It looks as though genshou is correct... sniped from an e-mail I sent Ryan...

Oh, it was definitely an error. I'm amazed I missed it. Mages can take mage feats for their bonus feats, yes. 

Ryan Nock 
RPG Line Developer - E.N.Publishing  


---Original Text---
Under the Mage it allows you to choose a bonus feat as a minor boon... bonus feats are listed as: metamagic, item creation, and traditional feats. Why aren't Mage Feats listed here?  The reason I ask is the Mage nor the other Spellcasting classes specifically gain Mage Feats... though Mage Feats are listed as being bonus feats to Mages and other Spellcasters. I can see an argument going both ways on this so I was curious if it was just an oversight or a balance judgment call. 

Thank you for your time, 
Wm. Holder


----------



## genshou (Jul 16, 2006)

sirwmholder said:
			
		

> It looks as though genshou is correct... sniped from an e-mail I sent Ryan...
> 
> Oh, it was definitely an error. I'm amazed I missed it.
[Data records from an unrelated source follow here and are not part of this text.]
lemma Ecoef_Suc: "Ecoef \<alpha> (Suc n) * LD_factor \<alpha> n = Ecoef \<alpha> n"
proof -
  define G where "G = Gamma (2 - \<alpha>)"
  define R where "R = Gamma (real n + 2) / Gamma (real n + 2 - \<alpha>)"
  define P where "P = (\<Prod>j\<in>{1..n}. Gamma (real j + 1) / Gamma (real j + 1 - \<alpha>))"
  have pos: "G > 0" "R > 0" "P > 0"
    unfolding G_def R_def P_def using \<alpha>_less_1 by (auto intro!: prod_pos)
  have "(\<Prod>j\<in>{1..Suc n}. Gamma (real j + 1) / Gamma (real j + 1 - \<alpha>)) = R * P"
    unfolding R_def P_def by (subst prod.nat_ivl_Suc') (auto simp: add_ac)
  then have "Ecoef \<alpha> (Suc n) = 1 / (G ^ Suc n * (R * P))"
    unfolding Ecoef_def G_def by simp
  moreover have "Ecoef \<alpha> n = 1 / (G ^ n * P)"
    unfolding Ecoef_def G_def P_def by simp
  moreover have "LD_factor \<alpha> n = R * G"
    unfolding LD_factor_def R_def G_def by simp
  ultimately show ?thesis using pos by simp
qed

lemma LD_factor_0: "LD_factor \<alpha> 0 = 1"
proof -
  have "Gamma (2::real) = 1" using Gamma_numeral[of "num.Bit0 num.One"] by simp
  moreover have "Gamma (2 - \<alpha>) > 0" using \<alpha>_less_1 by (intro Gamma_real_pos) simp
  ultimately show ?thesis by (simp add: LD_factor_def)
qed

lemma LD_factor_Suc: "LD_factor \<alpha> (Suc n) = LD_factor \<alpha> n * ((real n + 2) / (real n + 2 - \<alpha>))"
proof -
  have "Gamma (real n + 2 + 1) = (real n + 2) * Gamma (real n + 2)"
    by (rule Gamma_plus1) (auto dest: nonpos_Ints_nonpos)
  moreover have "Gamma (real n + 2 - \<alpha> + 1) = (real n + 2 - \<alpha>) * Gamma (real n + 2 - \<alpha>)"
    using \<alpha>_less_1 by (intro Gamma_plus1) (auto dest: nonpos_Ints_nonpos)
  moreover have "Gamma (real n + 2 - \<alpha>) > 0" "real n + 2 - \<alpha> > 0"
    using \<alpha>_less_1 by auto
  ultimately show ?thesis
    unfolding LD_factor_def by (simp add: field_simps add_ac)
qed

lemma LD_factor_bounds: "1 \<le> LD_factor \<alpha> n \<and> LD_factor \<alpha> n \<le> real n + 1"
proof (induction n)
  case 0
  then show ?case by (simp add: LD_factor_0)
next
  case (Suc n)
  have pos: "real n + 2 - \<alpha> > 0" using \<alpha>_less_1 by simp
  have q: "1 \<le> (real n + 2) / (real n + 2 - \<alpha>)" "(real n + 1) / (real n + 2 - \<alpha>) \<le> 1"
    using \<alpha>_pos \<alpha>_less_1 pos by (simp_all add: le_divide_eq divide_le_eq)
  have "LD_factor \<alpha> n \<le> LD_factor \<alpha> (Suc n)"
    unfolding LD_factor_Suc using Suc q by (intro mult_le_cancel_left1[THEN iffD2]) auto
  moreover have "LD_factor \<alpha> (Suc n) \<le> (real n + 1) * ((real n + 2) / (real n + 2 - \<alpha>))"
    unfolding LD_factor_Suc using Suc q(1) by (intro mult_right_mono) auto
  moreover have "(real n + 1) * ((real n + 2) / (real n + 2 - \<alpha>)) \<le> real n + 2"
    using mult_left_le[OF q(2), of "real n + 2"] by (simp add: field_simps)
  ultimately show ?case using Suc by simp
qed

lemma LD_factor_ge_harm: "LD_factor \<alpha> n \<ge> 1 - \<alpha> + \<alpha> * harm (Suc n)"
proof (induction n)
  case 0
  then show ?case by (simp add: LD_factor_0 harm_def)
next
  case (Suc n)
  have pos: "real n + 2 - \<alpha> > 0" using \<alpha>_less_1 by simp
  have "LD_factor \<alpha> (Suc n) = LD_factor \<alpha> n + LD_factor \<alpha> n * (\<alpha> / (real n + 2 - \<alpha>))"
    unfolding LD_factor_Suc using pos by (simp add: field_simps)
  moreover have "\<alpha> / (real n + 2) \<le> LD_factor \<alpha> n * (\<alpha> / (real n + 2 - \<alpha>))"
  proof -
    have "\<alpha> / (real n + 2) \<le> \<alpha> / (real n + 2 - \<alpha>)"
      using \<alpha>_pos pos by (intro divide_left_mono) auto
    also have "\<dots> \<le> LD_factor \<alpha> n * (\<alpha> / (real n + 2 - \<alpha>))"
      using mult_right_mono[of 1 "LD_factor \<alpha> n" "\<alpha> / (real n + 2 - \<alpha>)"] LD_factor_bounds[of n] \<alpha>_pos pos
      by simp
    finally show ?thesis .
  qed
  moreover have "harm (Suc (Suc n)) = harm (Suc n) + 1 / (real n + 2)"
    by (simp add: harm_Suc[of "Suc n"] divide_inverse add_ac)
  ultimately show ?case using Suc by (simp add: algebra_simps)
qed

lemma LD_factor_at_top: "filterlim (LD_factor \<alpha>) at_top sequentially"
proof (rule filterlim_at_top_mono[OF _ always_eventually[OF allI[OF LD_factor_ge_harm]]])
  show "filterlim (\<lambda>n. 1 - \<alpha> + \<alpha> * harm (Suc n)) at_top sequentially"
    using \<alpha>_pos by (intro filterlim_tendsto_add_at_top[OF tendsto_const]
        filterlim_tendsto_pos_mult_at_top[OF tendsto_const] filterlim_compose[OF harm_at_top filterlim_Suc])
qed

lemma entire_coeffs_Ecoef: "entire_coeffs (\<lambda>n. complex_of_real (Ecoef \<alpha> n))"
  unfolding entire_coeffs_def
proof
  fix z :: complex
  obtain N where N: "\<And>n. n \<ge> N \<Longrightarrow> 2 * norm z \<le> LD_factor \<alpha> n"
    using LD_factor_at_top unfolding filterlim_at_top eventually_sequentially by blast
  show "summable (\<lambda>n. complex_of_real (Ecoef \<alpha> n) * z ^ n)"
  proof (rule summable_ratio_test[of "1/2" N])
    fix n assume "n \<ge> N"
    have pos: "LD_factor \<alpha> n > 0" "Ecoef \<alpha> n > 0" "Ecoef \<alpha> (Suc n) > 0"
      using LD_factor_bounds[of n] Ecoef_pos by (auto intro: less_le_trans)
    have "Ecoef \<alpha> (Suc n) * norm z \<le> Ecoef \<alpha> (Suc n) * LD_factor \<alpha> n / 2"
      using N[OF \<open>n \<ge> N\<close>] pos by simp
    also have "\<dots> = Ecoef \<alpha> n / 2"
      using Ecoef_Suc[of n] by simp
    finally have "Ecoef \<alpha> (Suc n) * norm z \<le> Ecoef \<alpha> n / 2" .
    from mult_right_mono[OF this, of "norm z ^ n"]
    show "norm (complex_of_real (Ecoef \<alpha> (Suc n)) * z ^ Suc n)
        \<le> 1/2 * norm (complex_of_real (Ecoef \<alpha> n) * z ^ n)"
      using pos
      by (simp add: norm_mult norm_power algebra_simps)
  qed simp
qed

lemma entire_coeffs_LD:
  assumes "entire_coeffs c"
  shows "entire_coeffs (LD \<alpha> c)"
  unfolding entire_coeffs_def
proof
  fix z :: complex
  \<comment> \<open>\<open>LD\<close> is dominated by the formal derivative \<open>diffs\<close>, since \<open>LD_factor \<alpha> n \<le> n + 1\<close>\<close>
  have "summable (\<lambda>n. diffs c n * x ^ n)" for x
    using assms unfolding entire_coeffs_def by (intro termdiff_converges_all) auto
  then have "summable (\<lambda>n. norm (diffs c n * z ^ n))"
    by (rule powser_insidea[where x = "of_real (norm z + 1)"]) simp
  then show "summable (\<lambda>n. LD \<alpha> c n * z ^ n)"
  proof (rule summable_comparison_test'[where N=0])
    fix n
    have "norm (LD \<alpha> c n * z ^ n) = norm (c (Suc n)) * LD_factor \<alpha> n * norm z ^ n"
      using LD_factor_bounds[of n] by (simp add: LD_eq_LD_factor norm_mult norm_power)
    also have "\<dots> \<le> norm (c (Suc n)) * (real n + 1) * norm z ^ n"
      using LD_factor_bounds[of n] by (intro mult_right_mono mult_left_mono) auto
    also have "\<dots> = norm (diffs c n * z ^ n)"
      using norm_of_nat[where 'a=complex, of "Suc n"]
      by (simp add: diffs_def norm_mult norm_power add.commute del: of_nat_Suc)
    finally show "norm (LD \<alpha> c n * z ^ n) \<le> norm (diffs c n * z ^ n)" .
  qed
qed

lemma entire_coeffs_LD_shift: "entire_coeffs c \<Longrightarrow> entire_coeffs (LD_shift \<alpha> w c)"
  using entire_coeffs_LD unfolding entire_coeffs_def LD_shift_def
  by (simp add: left_diff_distrib mult.assoc summable_diff summable_mult)

lemma entire_coeffs_LD_poly: "entire_coeffs c \<Longrightarrow> entire_coeffs (LD_poly \<alpha> lam mul r c)"
proof -
  have "entire_coeffs c \<Longrightarrow> entire_coeffs ((LD_shift \<alpha> w ^^ m) c)" for c w m
    by (induction m) (simp_all add: entire_coeffs_LD_shift)
  then have "entire_coeffs c \<Longrightarrow>
      entire_coeffs (foldr (\<lambda>l acc. (LD_shift \<alpha> (lam l) ^^ mul l) \<circ> acc) xs id c)" for xs c
    by (induction xs arbitrary: c) simp_all
  then show "entire_coeffs c \<Longrightarrow> entire_coeffs (LD_poly \<alpha> lam mul r c)"
    unfolding LD_poly_def .
qed

lemma LD_shift_Ecoef_mult:
  "LD_shift \<alpha> z (\<lambda>n. complex_of_real (Ecoef \<alpha> n) * d n)
    = (\<lambda>n. complex_of_real (Ecoef \<alpha> n) * shift_sub z d n)"
proof -
  have "complex_of_real (Ecoef \<alpha> (Suc n)) * complex_of_real (LD_factor \<alpha> n) = complex_of_real (Ecoef \<alpha> n)" for n
    by (metis Ecoef_Suc of_real_mult)
  then show ?thesis
    by (simp add: LD_shift_def LD_eq_LD_factor shift_sub_def fun_eq_iff algebra_simps)
qed

lemma LD_poly_Ecoef_mult:
  "LD_poly \<alpha> lam mul r (\<lambda>n. complex_of_real (Ecoef \<alpha> n) * d n)
    = (\<lambda>n. complex_of_real (Ecoef \<alpha> n) * shift_poly lam mul [0..<r] d n)"
proof -
  have pow: "(LD_shift \<alpha> z ^^ m) (\<lambda>n. complex_of_real (Ecoef \<alpha> n) * d n)
      = (\<lambda>n. complex_of_real (Ecoef \<alpha> n) * (shift_sub z ^^ m) d n)" for z m d
    by (induction m) (simp_all add: LD_shift_Ecoef_mult)
  have "foldr (\<lambda>l acc. (LD_shift \<alpha> (lam l) ^^ mul l) \<circ> acc) xs id (\<lambda>n. complex_of_real (Ecoef \<alpha> n) * d n)
      = (\<lambda>n. complex_of_real (Ecoef \<alpha> n) * shift_poly lam mul xs d n)" for xs
    by (induction xs) (simp_all add: shift_poly_def pow)
  then show ?thesis unfolding LD_poly_def .
qed

lemma sums_Ealpha_deriv:
  "(\<lambda>n. complex_of_real (Ecoef \<alpha> n) * dpow k v n * z ^ n) sums (z ^ k * Ealpha_deriv \<alpha> k (v * z))"
  using sums_dpow_deriv_powser[OF entire_coeffs_Ecoef]
  by (simp add: Ealpha_deriv_def Ealpha_def[abs_def])

lemma LD_poly_solution_coeffs:
  assumes "entire_coeffs c"
    and "\<forall>t\<ge>0. ps_fun (LD_poly \<alpha> lam mul r c) t =
            (\<Sum>j\<le>J. \<beta> j * complex_of_real t ^ j * Ealpha_deriv \<alpha> j (\<mu> * complex_of_real t))"
  shows "shift_poly lam mul [0..<r] (\<lambda>n. c n / complex_of_real (Ecoef \<alpha> n))
    = (\<lambda>n. \<Sum>j\<le>J. \<beta> j * dpow j \<mu> n)"
proof -
  define e where "e n = complex_of_real (Ecoef \<alpha> n)" for n
  have e_nz: "e n \<noteq> 0" for n
    using Ecoef_pos[of n] by (simp add: e_def)
  define F where "F n = e n * (\<Sum>j\<le>J. \<beta> j * dpow j \<mu> n)" for n
  have F_sums: "(\<lambda>n. F n * z ^ n) sums (\<Sum>j\<le>J. \<beta> j * z ^ j * Ealpha_deriv \<alpha> j (\<mu> * z))" for z
  proof -
    have "(\<lambda>n. \<Sum>j\<le>J. \<beta> j * (e n * dpow j \<mu> n * z ^ n))
        sums (\<Sum>j\<le>J. \<beta> j * (z ^ j * Ealpha_deriv \<alpha> j (\<mu> * z)))"
      unfolding e_def by (intro sums_sum sums_mult sums_Ealpha_deriv)
    then show ?thesis
      by (simp add: F_def sum_distrib_left sum_distrib_right mult.assoc mult.left_commute)
  qed
  have "LD_poly \<alpha> lam mul r c = F"
  proof (rule powser_coeffs_eq_if_eq_on_pos)
    show "entire_coeffs (LD_poly \<alpha> lam mul r c)"
      using assms(1) by (rule entire_coeffs_LD_poly)
    show "entire_coeffs F"
      unfolding entire_coeffs_def using F_sums sums_summable by blast
    fix t :: real assume "t > 0"
    then show "(\<Sum>n. LD_poly \<alpha> lam mul r c n * complex_of_real t ^ n) = (\<Sum>n. F n * complex_of_real t ^ n)"
      using assms(2) sums_unique[OF F_sums] unfolding ps_fun_def by simp
  qed
  moreover have "LD_poly \<alpha> lam mul r c = (\<lambda>n. e n * shift_poly lam mul [0..<r] (\<lambda>n. c n / e n) n)"
    using LD_poly_Ecoef_mult[of lam mul r "\<lambda>n. c n / e n"] e_nz unfolding e_def by simp
  ultimately show ?thesis
    using e_nz by (simp add: F_def e_def fun_eq_iff)
qed

lemma ps_fun_eq_Ealpha_deriv_combination:
  assumes "finite S" "(\<lambda>n. c n / complex_of_real (Ecoef \<alpha> n)) \<in> dpow_span S M"
  shows "\<exists>A. \<forall>t. ps_fun c t =
    (\<Sum>v\<in>S. \<Sum>k<M v. A v k * complex_of_real t ^ k * Ealpha_deriv \<alpha> k (v * complex_of_real t))"
proof -
  obtain A where A: "(\<lambda>n. c n / complex_of_real (Ecoef \<alpha> n)) = (\<lambda>n. \<Sum>v\<in>S. \<Sum>k<M v. A v k * dpow k v n)"
    using assms(2) unfolding dpow_span_def by blast
  have c_eq: "c n = (\<Sum>v\<in>S. \<Sum>k<M v. A v k * (complex_of_real (Ecoef \<alpha> n) * dpow k v n))" for n
    using fun_cong[OF A, of n] Ecoef_pos[of n]
    by (simp add: field_simps sum_distrib_left sum_distrib_right)
  have "(\<lambda>n. c n * z ^ n) sums (\<Sum>v\<in>S. \<Sum>k<M v. A v k * z ^ k * Ealpha_deriv \<alpha> k (v * z))" for z
  proof -
    have "(\<lambda>n. \<Sum>v\<in>S. \<Sum>k<M v. A v k * (complex_of_real (Ecoef \<alpha> n) * dpow k v n * z ^ n))
        sums (\<Sum>v\<in>S. \<Sum>k<M v. A v k * (z ^ k * Ealpha_deriv \<alpha> k (v * z)))"
      by (intro sums_sum sums_mult sums_Ealpha_deriv)
    then show ?thesis
      by (simp add: c_eq sum_distrib_right mult.assoc)
  qed
  then show ?thesis
    unfolding ps_fun_def by (blast intro: sums_unique[symmetric])
qed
Mages can take mage feats for their bonus feats, yes.
> 
> ...



I've read this email before, I think.  Did you post it to another thread in the past?


----------



## sirwmholder (Jul 18, 2006)

genshou said:
			
		

> I've read this email before, I think.  Did you post it to another thread in the past?



No, though it is a revision of question one in my first post .


----------



## genshou (Jul 23, 2006)

Maybe it was just an email with the same topic, then.  Hrmm.


----------